The Mortgage Payers Association of America signs initial membership through door-to-door operatives. Only the truly desperate sign on first, of course, but as critical mass approaches the thing develops its own momentum. Like factory unions: Current members start pressuring neighbors, fellow churchgoers, whatever, to join as well, because otherwise they face default on their own (with only a $1,000 wad of printouts from YouWalkAway(tm) in their corner). Every drop in prices makes the MPAA more powerful.

The organizers should start out in severely squeezed neighborhoods, in states with no-recourse laws. It's important to win the first several battles. Afterwards, though, they should have enough clout to expand. By then the companies would be on guard too -- but what could they do? Short of violence anyway.

The MPAA has to be intensely local, eventually staffed mostly by member-volunteers, with separate chapters for each mortgage company at the neighborhood level. No central bureaucracy, no central control -- though it will be necessary to pool some resources (volunteer legal advice comes to mind). As the organization expands to various regions, neighborhood chapters opposing the same company will want to link up and resist collectively. In that case, each chapter/neighborhood appoints single-purpose delegates to hammer out terms.

Members stay members even after their mortgages are renegotiated. If they begin to feel the hurt of falling prices once again, if they think the increasing power of MPAA makes it possible to win even better terms, if they decide they don't like the color scheme of the mortgage company's letterhead -- they draw more blood.

op:

greed now now oxy

ain't that a terribly unfair word
for an instances like this
of good old yankee get up and go for it

bureaucrats have entrepreneur envy
not us professional red heads ...right ??
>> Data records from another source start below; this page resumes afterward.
lemma integral_norm_powr_le:
  fixes a b :: "'a \<Rightarrow> 'b::{banach,second_countable_topology}"
  assumes "1 \<le> p" "a \<in> borel_measurable M" "b \<in> borel_measurable M"
    "integrable M (\<lambda>x. norm (a x) powr p)" "integrable M (\<lambda>x. norm (b x) powr p)"
  shows "integral\<^sup>L M (\<lambda>x. norm (a x) powr p)
    \<le> 2 powr (p - 1) * (integral\<^sup>L M (\<lambda>x. norm (a x - b x) powr p) + integral\<^sup>L M (\<lambda>x. norm (b x) powr p))"
proof -
  have diff: "integrable M (\<lambda>x. norm (a x - b x) powr p)"
    by (rule integrable_norm_diff_powr[OF assms])
  have "integral\<^sup>L M (\<lambda>x. norm (a x) powr p)
      \<le> integral\<^sup>L M (\<lambda>x. 2 powr (p - 1) * (norm (a x - b x) powr p + norm (- b x) powr p))"
    using norm_diff_powr_le[OF assms(1), of "a x - b x" "- b x" for x] diff assms(5)
    by (intro integral_mono assms(4)) auto
  then show ?thesis
    using diff assms(5) by (simp add: Bochner_Integration.integral_add)
qed
(* Let $f(X)=\sum_{a=(h_1,\dots,h_N)\in\mathcal{A}} w_a\sum_{\biguplus_{i=1}^N X_i=X}\prod_{i=1}^N f_{h_i}(X_i)$ be a multi-Bernoulli mixture. For Bernoulli densities $[g_j]=(g_1,\dots,g_N)$ and, for each $a\in\mathcal{A}$, a probability distribution $q_a$ on $\Pi_N$ (i.e. $q_a(\pi)\ge 0$, $\sum_{\pi\in\Pi_N}q_a(\pi)=1$), define the zero-temperature objective $$\tilde J_0\big([g_j],[q_a(\pi)]\big)=-\sum_{a\in\mathcal{A},\pi\in\Pi_N} w_a q_a(\pi)\sum_{i=1}^N\int f_{h_i}(X)\log g_{\pi(i)}(X)\,\delta X .$$ Then minimising $\tilde J_0$ jointly over $[g_j]$ (Bernoulli densities, $g_j\ge0$, $\int g_j(X)\delta X=1$) and $[q_a(\pi)]$ is equivalent to solving $$\operatorname*{minimise}_{q(h,j)\in\mathcal{P}}\ -\sum_{j=1}^N\int\Big(\sum_{h\in\mathcal{H}}q(h,j)f_h(X)\Big)\log\Big(\sum_{h\in\mathcal{H}}q(h,j)f_h(X)\Big)\,\delta X,$$ where $$\mathcal{P}=\Big\{q(h,j)=\sum_{i=1}^N\Big(\sum_{a=(h_1,\dots,h_N)\in\mathcal{A}:\,h_i=h} w_a\sum_{\pi\in\Pi_N:\,\pi(i)=j}q_a(\pi)\Big)\ \Big|\ q_a(\pi)\ge0,\ \sum_{\pi\in\Pi_N}q_a(\pi)=1\ \forall a\Big\}.$$
   Context: Single-target states lie in $\mathcal{X}\subseteq\mathbb{R}^d$. The set integral is $\int v(X)\,\delta X = v(\emptyset)+\sum_{n=1}^\infty\frac{1}{n!}\int\cdots\int v(\{x_1,\dots,x_n\})\,\mathrm{d}x_1\cdots\mathrm{d}x_n$. A Bernoulli density with existence probability $r$ and state density $p(x)$ is $b(\emptyset)=1-r$, $b(\{x\})=r\,p(x)$, $b(X)=0$ for $|X|>1$. $\mathcal{H}$ is an index set of single-target hypotheses, each $f_h$ ($h\in\mathcal{H}$) a Bernoulli density; $\mathcal{A}\subseteq\mathcal{H}^N$ is a finite set of global hypotheses $a=(h_1,\dots,h_N)$ with weights $w_a\ge0$, $\sum_a w_a=1$. $\sum_{\biguplus_{i=1}^N X_i=X}$ sums over ordered tuples of disjoint subsets with union $X$. $\Pi_N$ is the set of permutations of $\{1,\dots,N\}$. Convention $0\log0=0$. *)

theory Defs
  imports "HOL-Analysis.Analysis" "HOL-Combinatorics.Permutations"
begin

text \<open>Single-target state space: a Borel set Xs in a Euclidean space 'a, with
Lebesgue measure.  Multi-target densities are functions on finite sets of states.\<close>

definition state_measure :: "'a::euclidean_space set \<Rightarrow> 'a measure" where
  "state_measure Xs = restrict_space lborel Xs"

definition set_nn_integral :: "'a::euclidean_space set \<Rightarrow> ('a set \<Rightarrow> ennreal) \<Rightarrow> ennreal" where
  "set_nn_integral Xs v =
     v {} + (\<Sum>n. (\<integral>\<^sup>+ x. v (x ` {..<Suc n}) \<partial>(PiM {..<Suc n} (\<lambda>_. state_measure Xs)))
                     / ennreal (fact (Suc n)))"

definition set_integral_ereal :: "'a::euclidean_space set \<Rightarrow> ('a set \<Rightarrow> ereal) \<Rightarrow> ereal" where
  "set_integral_ereal Xs v =
     enn2ereal (set_nn_integral Xs (\<lambda>X. e2ennreal (v X)))
     - enn2ereal (set_nn_integral Xs (\<lambda>X. e2ennreal (- v X)))"

definition is_bernoulli :: "'a::euclidean_space set \<Rightarrow> ('a set \<Rightarrow> real) \<Rightarrow> bool" where
  "is_bernoulli Xs b \<longleftrightarrow>
     (\<exists>r p. 0 \<le> r \<and> r \<le> 1 \<and> p \<in> borel_measurable lborel \<and> (\<forall>x\<in>Xs. 0 \<le> p x)
        \<and> (\<integral>\<^sup>+ x. ennreal (p x) \<partial>state_measure Xs) = 1
        \<and> b {} = 1 - r \<and> (\<forall>x\<in>Xs. b {x} = r * p x)
        \<and> (\<forall>X. X \<subseteq> Xs \<and> finite X \<and> 2 \<le> card X \<longrightarrow> b X = 0))"

text \<open>Pointwise u log v with the conventions 0 log 0 = 0 (indeed 0 log v = 0) and
u log 0 = -infinity for u > 0.\<close>
definition xlogy :: "real \<Rightarrow> real \<Rightarrow> ereal" where
  "xlogy u v = (if u \<le> 0 then 0 else if v \<le> 0 then - \<infinity> else ereal (u * ln v))"

definition cross_ent :: "'a::euclidean_space set \<Rightarrow> ('a set \<Rightarrow> real) \<Rightarrow> ('a set \<Rightarrow> real) \<Rightarrow> ereal" where
  "cross_ent Xs f g = - set_integral_ereal Xs (\<lambda>X. xlogy (f X) (g X))"

definition perms :: "nat \<Rightarrow> (nat \<Rightarrow> nat) set" where
  "perms N = {\<pi>. \<pi> permutes {..<N}}"

text \<open>Zero-temperature objective tilde J_0.  Global hypotheses a are lists of length N
(index i ranges over 0..N-1), f h is the Bernoulli density of single-target hypothesis h.\<close>
definition J0 :: "'a::euclidean_space set \<Rightarrow> nat \<Rightarrow> 'h list set \<Rightarrow> ('h list \<Rightarrow> real)
     \<Rightarrow> ('h \<Rightarrow> 'a set \<Rightarrow> real) \<Rightarrow> (nat \<Rightarrow> 'a set \<Rightarrow> real) \<Rightarrow> ('h list \<Rightarrow> (nat \<Rightarrow> nat) \<Rightarrow> real) \<Rightarrow> ereal" where
  "J0 Xs N A w f g q =
     (\<Sum>a\<in>A. \<Sum>\<pi>\<in>perms N. ereal (w a * q a \<pi>) * (\<Sum>i<N. cross_ent Xs (f (a ! i)) (g (\<pi> i))))"

definition valid_q :: "nat \<Rightarrow> 'h list set \<Rightarrow> ('h list \<Rightarrow> (nat \<Rightarrow> nat) \<Rightarrow> real) \<Rightarrow> bool" where
  "valid_q N A q \<longleftrightarrow> (\<forall>a\<in>A. (\<forall>\<pi>\<in>perms N. 0 \<le> q a \<pi>) \<and> (\<Sum>\<pi>\<in>perms N. q a \<pi>) = 1)"

definition induced_q :: "nat \<Rightarrow> 'h list set \<Rightarrow> ('h list \<Rightarrow> real) \<Rightarrow> ('h list \<Rightarrow> (nat \<Rightarrow> nat) \<Rightarrow> real)
     \<Rightarrow> 'h \<Rightarrow> nat \<Rightarrow> real" where
  "induced_q N A w q h j =
     (\<Sum>i<N. \<Sum>a\<in>{a\<in>A. a ! i = h}. w a * (\<Sum>\<pi>\<in>{\<pi>\<in>perms N. \<pi> i = j}. q a \<pi>))"

definition P_set :: "nat \<Rightarrow> 'h list set \<Rightarrow> ('h list \<Rightarrow> real) \<Rightarrow> ('h \<Rightarrow> nat \<Rightarrow> real) set" where
  "P_set N A w = {induced_q N A w q | q. valid_q N A q}"

text \<open>Objective over P: sum_j of -int m_j log m_j with m_j = sum_h q(h,j) f_h.  The sum
over h in H is taken over the hypotheses occurring in A (q(h,j) = 0 for all others).\<close>
definition mix_obj :: "'a::euclidean_space set \<Rightarrow> nat \<Rightarrow> 'h list set \<Rightarrow> ('h \<Rightarrow> 'a set \<Rightarrow> real)
     \<Rightarrow> ('h \<Rightarrow> nat \<Rightarrow> real) \<Rightarrow> ereal" where
  "mix_obj Xs N A f Q =
     (\<Sum>j<N. let m = (\<lambda>X. \<Sum>h\<in>(\<Union>a\<in>A. set a). Q h j * f h X) in cross_ent Xs m m)"

end

theory Submission
  imports Defs "HOL-Library.Liminf_Limsup"
begin

text \<open>
For a fixed assignment distribution \<open>q\<close>, the objective regroups as
\<open>\<Sum>j. CE(m\<^sub>j, g\<^sub>j)\<close>, where \<open>m\<^sub>j = \<Sum>h. q(h,j) f\<^sub>h\<close> and the weights
\<open>q(h,j)\<close> are those of the induced matrix; this uses that the cross entropy is linear in
its first argument.  Since every column of \<open>q(h,j)\<close> sums to one, \<open>m\<^sub>j\<close> is again a
Bernoulli density, and Gibbs' inequality \<open>CE(m, m) \<le> CE(m, g)\<close> (pointwise
\<open>m log g \<le> m log m - m + g\<close>, integrated against equal total masses) shows that \<open>g\<^sub>j = m\<^sub>j\<close> is
optimal.  Hence the infimum over \<open>[g\<^sub>j]\<close> is attained and equals the mixture objective at
the induced \<open>q(h,j)\<close>, and the joint infimum is the infimum over \<open>\<P>\<close>.

All densities involved vanish on sets with two or more elements, and the diagonals
\<open>x\<^sub>i = x\<^sub>j\<close> are null sets for Lebesgue measure, so every set integral collapses to
\<open>v(\<emptyset>) + \<integral> v({x}) dx\<close>.  Cross entropies are differences of the integrals of
the positive and negative parts of \<open>m log g\<close>; the finite-entropy hypothesis keeps every
positive part integrable, so no \<open>\<infinity> - \<infinity>\<close> arises.
\<close>

lemma space_state_measure [simp]: "space (state_measure Xs) = Xs"
  by (simp add: state_measure_def space_restrict_space)

lemma sigma_finite_state_measure: "Xs \<in> sets lborel \<Longrightarrow> sigma_finite_measure (state_measure Xs)"
  unfolding state_measure_def
  by (rule sigma_finite_measure_restrict_space) (auto intro: sigma_finite_lborel)

lemma emeasure_state_measure_singleton:
  assumes "Xs \<in> sets lborel" "c \<in> Xs"
  shows "emeasure (state_measure Xs) {c} = 0"
  unfolding state_measure_def using assms
  by (subst emeasure_restrict_space) auto

lemma singleton_in_sets_state_measure:
  "Xs \<in> sets lborel \<Longrightarrow> c \<in> Xs \<Longrightarrow> {c} \<in> sets (state_measure Xs)"
  unfolding state_measure_def by (subst sets_restrict_space_iff) auto

lemma diagonal_in_sets_PiM:
  assumes "i \<in> I" "j \<in> I"
  shows "{x \<in> space (PiM I (\<lambda>_. state_measure Xs)). x i = x j} \<in> sets (PiM I (\<lambda>_. state_measure Xs))"
proof -
  have id: "(\<lambda>y. y) \<in> borel_measurable (state_measure Xs)"
    unfolding state_measure_def by (rule measurable_restrict_space1) simp
  have comp: "\<And>k. k \<in> I \<Longrightarrow> (\<lambda>x. x k) \<in> borel_measurable (PiM I (\<lambda>_. state_measure Xs))"
    by (rule measurable_compose[OF measurable_component_singleton[where M="\<lambda>_. state_measure Xs"] id])
  show ?thesis
    by (rule measurable_equality_set) (use assms comp in auto)
qed

lemma emeasure_PiM_diagonal:
  assumes Xs: "Xs \<in> sets lborel" and n: "1 \<le> n"
  shows "emeasure (PiM {..<Suc n} (\<lambda>_. state_measure Xs))
           {x \<in> space (PiM {..<Suc n} (\<lambda>_. state_measure Xs)). x 0 = x 1} = 0"
proof -
  let ?M = "state_measure Xs"
  interpret P: product_sigma_finite "\<lambda>_. ?M"
    unfolding product_sigma_finite_def using sigma_finite_state_measure[OF Xs] by blast
  let ?I = "{1..<Suc n}"
  have I: "{..<Suc n} = insert 0 ?I" by auto
  let ?D = "{x \<in> space (PiM (insert 0 ?I) (\<lambda>_. ?M)). x 0 = x 1}"
  have D: "?D \<in> sets (PiM (insert 0 ?I) (\<lambda>_. ?M))"
    by (rule diagonal_in_sets_PiM) (use n in auto)
  have "emeasure (PiM (insert 0 ?I) (\<lambda>_. ?M)) ?D = (\<integral>\<^sup>+ x. indicator ?D x \<partial>PiM (insert 0 ?I) (\<lambda>_. ?M))"
    using D by simp
  also have "\<dots> = (\<integral>\<^sup>+ x. (\<integral>\<^sup>+ y. indicator ?D (x(0:=y)) \<partial>?M) \<partial>PiM ?I (\<lambda>_. ?M))"
    by (rule P.product_nn_integral_insert) (use D in auto)
  also have "\<dots> = (\<integral>\<^sup>+ x. 0 \<partial>PiM ?I (\<lambda>_. ?M))"
  proof (rule nn_integral_cong)
    fix x assume "x \<in> space (PiM ?I (\<lambda>_. ?M))"
    then have x1: "x 1 \<in> Xs" using n by (auto simp: space_PiM)
    have "(\<integral>\<^sup>+ y. indicator ?D (x(0:=y)) \<partial>?M) \<le> (\<integral>\<^sup>+ y. indicator {x 1} y \<partial>?M)"
      by (rule nn_integral_mono) (auto simp: indicator_def)
    also have "\<dots> = 0"
      using emeasure_state_measure_singleton[OF Xs x1] singleton_in_sets_state_measure[OF Xs x1] by simp
    finally show "(\<integral>\<^sup>+ y. indicator ?D (x(0:=y)) \<partial>?M) = 0" by simp
  qed
  finally show ?thesis by (simp add: I)
qed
the catabolic side of the free market system
is clio's best proximate agent these days

Yes, using "greed" was very unfair of me I know. Enlightened self-interest, that's the phrase I was really looking for. Clearly, the $1,000 fee is right in line with the work done. It's like those glass replacement policies that insurance regulators used to want to treat as insurance. Not quite risk assumption on par with insurance, but not really all that different either.